DESCRIPTION OF THE TASK>
After locating the line that contains "finite_lessThan lessThan_iff prod_zero)" in the records below, write out exactly that line and each line after it through the one that contains "S \<longrightarrow> cA", and nothing else.
---------- SUPPLIED DATA
text \<open>A function on \<open>X \<subseteq> {-1,1}\<^sup>m\<close> with \<open>|X| \<le> 2\<^sup>k\<close> agrees on \<open>X\<close> with a multilinear
  polynomial of degree at most \<open>k\<close>: split \<open>X\<close> by the last coordinate into two slices, and
  write \<open>f = A + x\<^sub>m B\<close>, where \<open>B\<close> only has to be interpolated on the intersection of the
  slices (at most \<open>2\<^sup>k\<^sup>-\<^sup>1\<close> points). Since \<open>|\<X>| \<le> 2\<^sup>d\<close>, every component of a minimum-degree
  realization \<open>\<Phi>\<^sup>*\<close> has degree at most \<open>d\<close>, so \<open>deg \<Phi>\<^sup>* \<le> d\<^sup>2\<close>. Moreover \<open>g\<^sub>i \<circ> \<Phi>\<^sup>*\<close> realizes
  \<open>h\<^sub>i\<close>, so \<open>deg g\<^sub>i\<close> is at most the maximum in the conditional degree, i.e.
  \<open>deg(h\<^sub>i | \<Phi>\<^sup>*) \<le> deg h\<^sub>i\<^sup>* - deg g\<^sub>i\<close>. Summing gives the claim.\<close>

lemma cube_0: "cube 0 = {\<lambda>_. 1}"
  unfolding cube_def by auto

lemma cube_beyond_dim: "x \<in> cube n \<Longrightarrow> x n = 1"
  unfolding cube_def by auto

lemma fun_upd_dim_in_cube: "x \<in> cube (Suc n) \<Longrightarrow> x(n := 1) \<in> cube n"
  unfolding cube_def by (auto simp: less_Suc_eq_le)

lemma cube_Suc: "cube (Suc n) = (\<lambda>x. x(n := 1)) ` cube n \<union> (\<lambda>x. x(n := -1)) ` cube n"
proof (intro set_eqI iffI)
  fix x assume x: "x \<in> cube (Suc n)"
  have "x = (x(n := 1))(n := x n)" by simp
  moreover have "x n = 1 \<or> x n = -1" using x unfolding cube_def by auto
  ultimately show "x \<in> (\<lambda>x. x(n := 1)) ` cube n \<union> (\<lambda>x. x(n := -1)) ` cube n"
    using fun_upd_dim_in_cube[OF x] by (metis UnI1 UnI2 image_eqI)
next
  fix x assume "x \<in> (\<lambda>x. x(n := 1)) ` cube n \<union> (\<lambda>x. x(n := -1)) ` cube n"
  then show "x \<in> cube (Suc n)" unfolding cube_def by (auto simp: less_Suc_eq)
qed

lemma inj_on_fun_upd_cube: "inj_on (\<lambda>x. x(n := s)) (cube n)"
  by (rule inj_onI) (metis cube_beyond_dim fun_upd_triv fun_upd_upd)

lemma finite_cube: "finite (cube n)"
  by (induction n) (auto simp: cube_0 cube_Suc)

lemma sum_cube_Suc:
  "(\<Sum>x\<in>cube (Suc n). F x) = (\<Sum>x\<in>cube n. F (x(n := 1)) + F (x(n := -1)))"
proof -
  have disjoint: "(\<lambda>x. x(n := 1)) ` cube n \<inter> (\<lambda>x. x(n := -1)) ` cube n = {}"
    by (auto dest: fun_cong[where x = n])
  have "(\<Sum>x\<in>cube (Suc n). F x)
      = (\<Sum>x\<in>(\<lambda>x. x(n := 1)) ` cube n. F x) + (\<Sum>x\<in>(\<lambda>x. x(n := -1)) ` cube n. F x)"
    unfolding cube_Suc by (rule sum.union_disjoint) (auto simp: finite_cube disjoint)
  also have "\<dots> = (\<Sum>x\<in>cube n. F (x(n := 1))) + (\<Sum>x\<in>cube n. F (x(n := -1)))"
    by (simp add: sum.reindex[OF inj_on_fun_upd_cube])
  finally show ?thesis by (simp add: sum.distrib)
qed

lemma card_cube: "card (cube n) = 2 ^ n"
proof (induction n)
  case 0
  then show ?case by (simp add: cube_0)
next
  case (Suc n)
  have "card (cube (Suc n)) = (\<Sum>x\<in>cube (Suc n). 1)" by simp
  also have "\<dots> = (\<Sum>x\<in>cube n. (1::nat) + 1)" by (rule sum_cube_Suc)
  finally show ?case using Suc by simp
qed

lemma chi_fun_upd:
  assumes "finite S"
  shows "chi S (x(n := s)) = (if n \<in> S then s * chi (S - {n}) x else chi S x)"
proof (cases "n \<in> S")
  case True
  have "chi S (x(n := s)) = s * (\<Prod>i\<in>S - {n}. (x(n := s)) i)"
    unfolding chi_def using prod.remove[OF assms True, of "x(n := s)"] by simp
  also have "(\<Prod>i\<in>S - {n}. (x(n := s)) i) = chi (S - {n}) x"
    unfolding chi_def by (rule prod.cong) auto
  finally show ?thesis using True by (simp del: fun_upd_apply)
next
  case False
  then show ?thesis unfolding chi_def by (auto intro!: prod.cong)
qed

lemma chi_fun_upd_notin: "finite S \<Longrightarrow> n \<notin> S \<Longrightarrow> chi S (x(n := s)) = chi S x"
  by (simp add: chi_fun_upd)

lemma sum_cube_chi_mult_chi:
  "S \<subseteq> {..<n} \<Longrightarrow> T \<subseteq> {..<n} \<Longrightarrow>
   (\<Sum>x\<in>cube n. chi S x * chi T x) = (if S = T then 2 ^ n else 0)"
proof (induction n arbitrary: S T)
  case 0
  then show ?case by (simp add: cube_0 chi_def)
next
  case (Suc n)
  have finite: "finite S" "finite T" using Suc.prems finite_subset by blast+
  let ?sign = "\<lambda>U. if n \<in> U then -1 else 1 :: real"
  have chi_upd: "chi U (x(n := 1)) = chi (U - {n}) x" "chi U (x(n := -1)) = ?sign U * chi (U - {n}) x"
    if "finite U" "x \<in> cube n" for U x
    using chi_fun_upd[OF that(1), of x n] cube_beyond_dim[OF that(2)]
    by (auto simp: chi_fun_upd_notin[OF that(1)] Diff_insert_absorb)
  have "(\<Sum>x\<in>cube (Suc n). chi S x * chi T x)
      = (\<Sum>x\<in>cube n. (1 + ?sign S * ?sign T) * (chi (S - {n}) x * chi (T - {n}) x))"
    unfolding sum_cube_Suc by (intro sum.cong refl) (simp add: chi_upd finite algebra_simps)
  also have "\<dots> = (1 + ?sign S * ?sign T) * (if S - {n} = T - {n} then 2 ^ n else 0)"
    using Suc.prems by (subst sum_distrib_left[symmetric], subst Suc.IH) auto
  also have "\<dots> = (if S = T then 2 ^ Suc n else 0)"
  proof -
    have "S = T \<longleftrightarrow> (n \<in> S \<longleftrightarrow> n \<in> T) \<and> S - {n} = T - {n}" by blast
    then show ?thesis by auto
  qed
  finally show ?case .
qed

lemma sum_Pow_chi_mult_chi:
  assumes x: "x \<in> cube n" and y: "y \<in> cube n"
  shows "(\<Sum>S\<in>Pow {..<n}. chi S y * chi S x) = (if y = x then 2 ^ n else 0)"
proof -
  have "(\<Sum>S\<in>Pow {..<n}. chi S y * chi S x)
      = (\<Sum>S\<in>Pow {..<n}. (\<Prod>i\<in>S. y i * x i) * (\<Prod>i\<in>{..<n} - S. 1))"
    unfolding chi_def by (simp add: prod.distrib)
  also have "\<dots> = (\<Prod>i<n. y i * x i + 1)"
    by (rule prod_add[symmetric]) simp
  also have "\<dots> = (if y = x then 2 ^ n else 0)"
  proof (cases "y = x")
    case True
    have "(\<Prod>i<n. y i * x i + 1) = (\<Prod>i<n. 2::real)"
      using x unfolding True cube_def by (intro prod.cong) auto
    then show ?thesis using True by simp
  next
    case False
    then obtain i where i: "y i \<noteq> x i" by auto
    have "i < n" using i x y unfolding cube_def by (metis (mono_tags, lifting) mem_Collect_eq not_less)
    then have "y i * x i + 1 = 0" using i x y unfolding cube_def by force
    then have "(\<Prod>i<n. y i * x i + 1) = 0" using \<open>i < n\<close> by (meson finite_lessThan lessThan_iff prod_zero)
    then show ?thesis using False by simp
  qed
  finally show ?thesis .
qed

lemma mleval_cube:
  assumes x: "x \<in> cube n"
  shows "mleval n g x = g x"
proof -
  have "mleval n g x = (\<Sum>S\<in>Pow {..<n}. \<Sum>y\<in>cube n. g y * (chi S y * chi S x) / 2 ^ n)"
    unfolding mleval_def fcoeff_def by (simp add: sum_divide_distrib sum_distrib_right mult.assoc)
  also have "\<dots> = (\<Sum>y\<in>cube n. g y * (\<Sum>S\<in>Pow {..<n}. chi S y * chi S x) / 2 ^ n)"
    by (subst sum.swap) (simp add: sum_divide_distrib sum_distrib_left)
  also have "\<dots> = (\<Sum>y\<in>cube n. if y = x then g x else 0)"
    by (rule sum.cong) (auto simp: sum_Pow_chi_mult_chi x)
  also have "\<dots> = g x" using x finite_cube by simp
  finally show ?thesis .
qed

lemma bdeg_le_dim: "bdeg n f \<le> n"
proof -
  have "{card S | S. S \<subseteq> {..<n} \<and> fcoeff n f S \<noteq> 0} \<union> {0} \<subseteq> {..n}"
    using card_mono[of "{..<n}"] by fastforce
  then show ?thesis unfolding bdeg_def
    by (intro Max.boundedI) (auto intro: finite_subset)
qed

definition walsh_poly :: "nat \<Rightarrow> (nat set \<Rightarrow> real) \<Rightarrow> point \<Rightarrow> real" where
  "walsh_poly n c x = (\<Sum>S\<in>Pow {..<n}. c S * chi S x)"

lemma walsh_poly_const: "walsh_poly n (\<lambda>S. if S = {} then a else 0) x = a"
proof -
  have "walsh_poly n (\<lambda>S. if S = {} then a else 0) x = (\<Sum>S\<in>Pow {..<n}. if S = {} then a else 0)"
    unfolding walsh_poly_def by (intro sum.cong) (auto simp: chi_def)
  then show ?thesis by simp
qed

lemma walsh_poly_fun_upd_dim: "walsh_poly n c (x(n := s)) = walsh_poly n c x"
  unfolding walsh_poly_def
proof (intro sum.cong refl)
  fix S assume "S \<in> Pow {..<n}"
  then have "finite S" "n \<notin> S" using finite_subset by auto
  then show "c S * chi S (x(n := s)) = c S * chi S x" by (simp add: chi_fun_upd_notin)
qed

definition join_coeffs :: "nat \<Rightarrow> (nat set \<Rightarrow> real) \<Rightarrow> (nat set \<Rightarrow> real) \<Rightarrow> nat set \<Rightarrow> real" where
  "join_coeffs n cA cB S = (if n \<in> S then cB (S - {n}) else cA S)"

lemma join_coeffs_eq_0:
  assumes "\<forall>S. Suc k < card S \<longrightarrow> cA S = 0" and "\<forall>S. k < card S \<longrightarrow> cB S = 0"
    and "Suc k < card S"
  shows "join_coeffs n cA cB S = 0"
proof (cases "n \<in> S")
  case True
  moreover have "finite S" using assms(3) by (intro card_ge_0_finite) simp
  ultimately have "k < card (S - {n})" using assms(3) by simp
  then show ?thesis using True assms(2) unfolding join_coeffs_def by simp
next
  case False
  then show ?thesis using assms(1,3) unfolding join_coeffs_def by simp
qed

lemma walsh_poly_join_coeffs:
  "walsh_poly (Suc n) (join_coeffs n cA cB) x = walsh_poly n cA x + x n * walsh_poly n cB x"
proof -
  let ?c = "join_coeffs n cA cB"
  have disjoint: "Pow {..<n} \<inter> insert n ` Pow {..<n} = {}" by auto
  have inj: "inj_on (insert n) (Pow {..<n})"
    by (rule inj_onI) (metis PowD insert_ident lessThan_iff less_irrefl subsetD)
  have "walsh_poly (Suc n) ?c x
      = (\<Sum>S\<in>Pow {..<n}. ?c S * chi S x) + (\<Sum>S\<in>insert n ` Pow {..<n}. ?c S * chi S x)"
    unfolding walsh_poly_def lessThan_Suc Pow_insert
    by (rule sum.union_disjoint) (use disjoint in auto)
  also have "(\<Sum>S\<in>Pow {..<n}. ?c S * chi S x) = walsh_poly n cA x"
    unfolding walsh_poly_def join_coeffs_def by (intro sum.cong) auto
  also have "(\<Sum>S\<in>insert n ` Pow {..<n}. ?c S * chi S x)
      = (\<Sum>S\<in>Pow {..<n}. ?c (insert n S) * chi (insert n S) x)"
    by (rule sum.reindex[OF inj, unfolded comp_def])
  also have "\<dots> = (\<Sum>S\<in>Pow {..<n}. x n * (cB S * chi S x))"
  proof (intro sum.cong refl)
    fix S assume "S \<in> Pow {..<n}"
    then have "n \<notin> S" "finite S" using finite_subset by auto
    then show "?c (insert n S) * chi (insert n S) x = x n * (cB S * chi S x)"
      unfolding chi_def join_coeffs_def by simp
  qed
  also have "\<dots> = x n * walsh_poly n cB x" unfolding walsh_poly_def by (simp add: sum_distrib_left)
  finally show ?thesis .
qed

lemma fcoeff_walsh_poly:
  assumes "\<forall>x\<in>cube n. f x = walsh_poly n c x" and T: "T \<subseteq> {..<n}"
  shows "fcoeff n f T = c T"
proof -
  have "(\<Sum>x\<in>cube n. f x * chi T x)
      = (\<Sum>x\<in>cube n. \<Sum>S\<in>Pow {..<n}. c S * (chi S x * chi T x))"
    using assms(1) unfolding walsh_poly_def
    by (intro sum.cong) (auto simp: sum_distrib_right mult.assoc)
  also have "\<dots> = (\<Sum>S\<in>Pow {..<n}. c S * (\<Sum>x\<in>cube n. chi S x * chi T x))"
    by (subst sum.swap) (simp add: sum_distrib_left)
  also have "\<dots> = (\<Sum>S\<in>Pow {..<n}. if S = T then c T * 2 ^ n else 0)"
    using T by (intro sum.cong) (auto simp: sum_cube_chi_mult_chi)
  also have "\<dots> = c T * 2 ^ n" using T by simp
  finally show ?thesis unfolding fcoeff_def by simp
qed

lemma bdeg_walsh_poly_le:
  assumes "\<forall>x\<in>cube n. f x = walsh_poly n c x" and "\<forall>S. k < card S \<longrightarrow> c S = 0"
  shows "bdeg n f \<le> k"
proof -
  have "{card S | S. S \<subseteq> {..<n} \<and> fcoeff n f S \<noteq> 0} \<union> {0} \<subseteq> {..k}"
    using assms fcoeff_walsh_poly[OF assms(1)] by (auto simp: not_less[symmetric])
  then show ?thesis unfolding bdeg_def
    by (intro Max.boundedI) (auto intro: finite_subset)
qed

section \<open>Interpolation by low-degree polynomials\<close>

definition interpolable :: "nat \<Rightarrow> nat \<Rightarrow> point set \<Rightarrow> bfun \<Rightarrow> bool" where
  "interpolable n k X f \<longleftrightarrow>
     (\<exists>c. (\<forall>S. k < card S \<longrightarrow> c S = 0) \<and> (\<forall>x\<in>X. f x = walsh_poly n c x))"

lemma interpolable_mono: "interpolable n k X f \<Longrightarrow> k \<le> k' \<Longrightarrow> interpolable n k' X f"
  unfolding interpolable_def by (meson le_less_trans)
--------------------
ANSWER TO THE PROBLEM>
    then have "(\<Prod>i<n. y i * x i + 1) = 0" using \<open>i < n\<close> by (meson finite_lessThan lessThan_iff prod_zero)
    then show ?thesis using False by simp
  qed
  finally show ?thesis .
qed

lemma mleval_cube:
  assumes x: "x \<in> cube n"
  shows "mleval n g x = g x"
proof -
  have "mleval n g x = (\<Sum>S\<in>Pow {..<n}. \<Sum>y\<in>cube n. g y * (chi S y * chi S x) / 2 ^ n)"
    unfolding mleval_def fcoeff_def by (simp add: sum_divide_distrib sum_distrib_right mult.assoc)
  also have "\<dots> = (\<Sum>y\<in>cube n. g y * (\<Sum>S\<in>Pow {..<n}. chi S y * chi S x) / 2 ^ n)"
    by (subst sum.swap) (simp add: sum_divide_distrib sum_distrib_left)
  also have "\<dots> = (\<Sum>y\<in>cube n. if y = x then g x else 0)"
    by (rule sum.cong) (auto simp: sum_Pow_chi_mult_chi x)
  also have "\<dots> = g x" using x finite_cube by simp
  finally show ?thesis .
qed

lemma bdeg_le_dim: "bdeg n f \<le> n"
proof -
  have "{card S | S. S \<subseteq> {..<n} \<and> fcoeff n f S \<noteq> 0} \<union> {0} \<subseteq> {..n}"
    using card_mono[of "{..<n}"] by fastforce
  then show ?thesis unfolding bdeg_def
    by (intro Max.boundedI) (auto intro: finite_subset)
qed

definition walsh_poly :: "nat \<Rightarrow> (nat set \<Rightarrow> real) \<Rightarrow> point \<Rightarrow> real" where
  "walsh_poly n c x = (\<Sum>S\<in>Pow {..<n}. c S * chi S x)"

lemma walsh_poly_const: "walsh_poly n (\<lambda>S. if S = {} then a else 0) x = a"
proof -
  have "walsh_poly n (\<lambda>S. if S = {} then a else 0) x = (\<Sum>S\<in>Pow {..<n}. if S = {} then a else 0)"
    unfolding walsh_poly_def by (intro sum.cong) (auto simp: chi_def)
  then show ?thesis by simp
qed

lemma walsh_poly_fun_upd_dim: "walsh_poly n c (x(n := s)) = walsh_poly n c x"
  unfolding walsh_poly_def
proof (intro sum.cong refl)
  fix S assume "S \<in> Pow {..<n}"
  then have "finite S" "n \<notin> S" using finite_subset by auto
  then show "c S * chi S (x(n := s)) = c S * chi S x" by (simp add: chi_fun_upd_notin)
qed

definition join_coeffs :: "nat \<Rightarrow> (nat set \<Rightarrow> real) \<Rightarrow> (nat set \<Rightarrow> real) \<Rightarrow> nat set \<Rightarrow> real" where
  "join_coeffs n cA cB S = (if n \<in> S then cB (S - {n}) else cA S)"

lemma join_coeffs_eq_0:
  assumes "\<forall>S. Suc k < card S \<longrightarrow> cA S = 0" and "\<forall>S. k < card S \<longrightarrow> cB S = 0"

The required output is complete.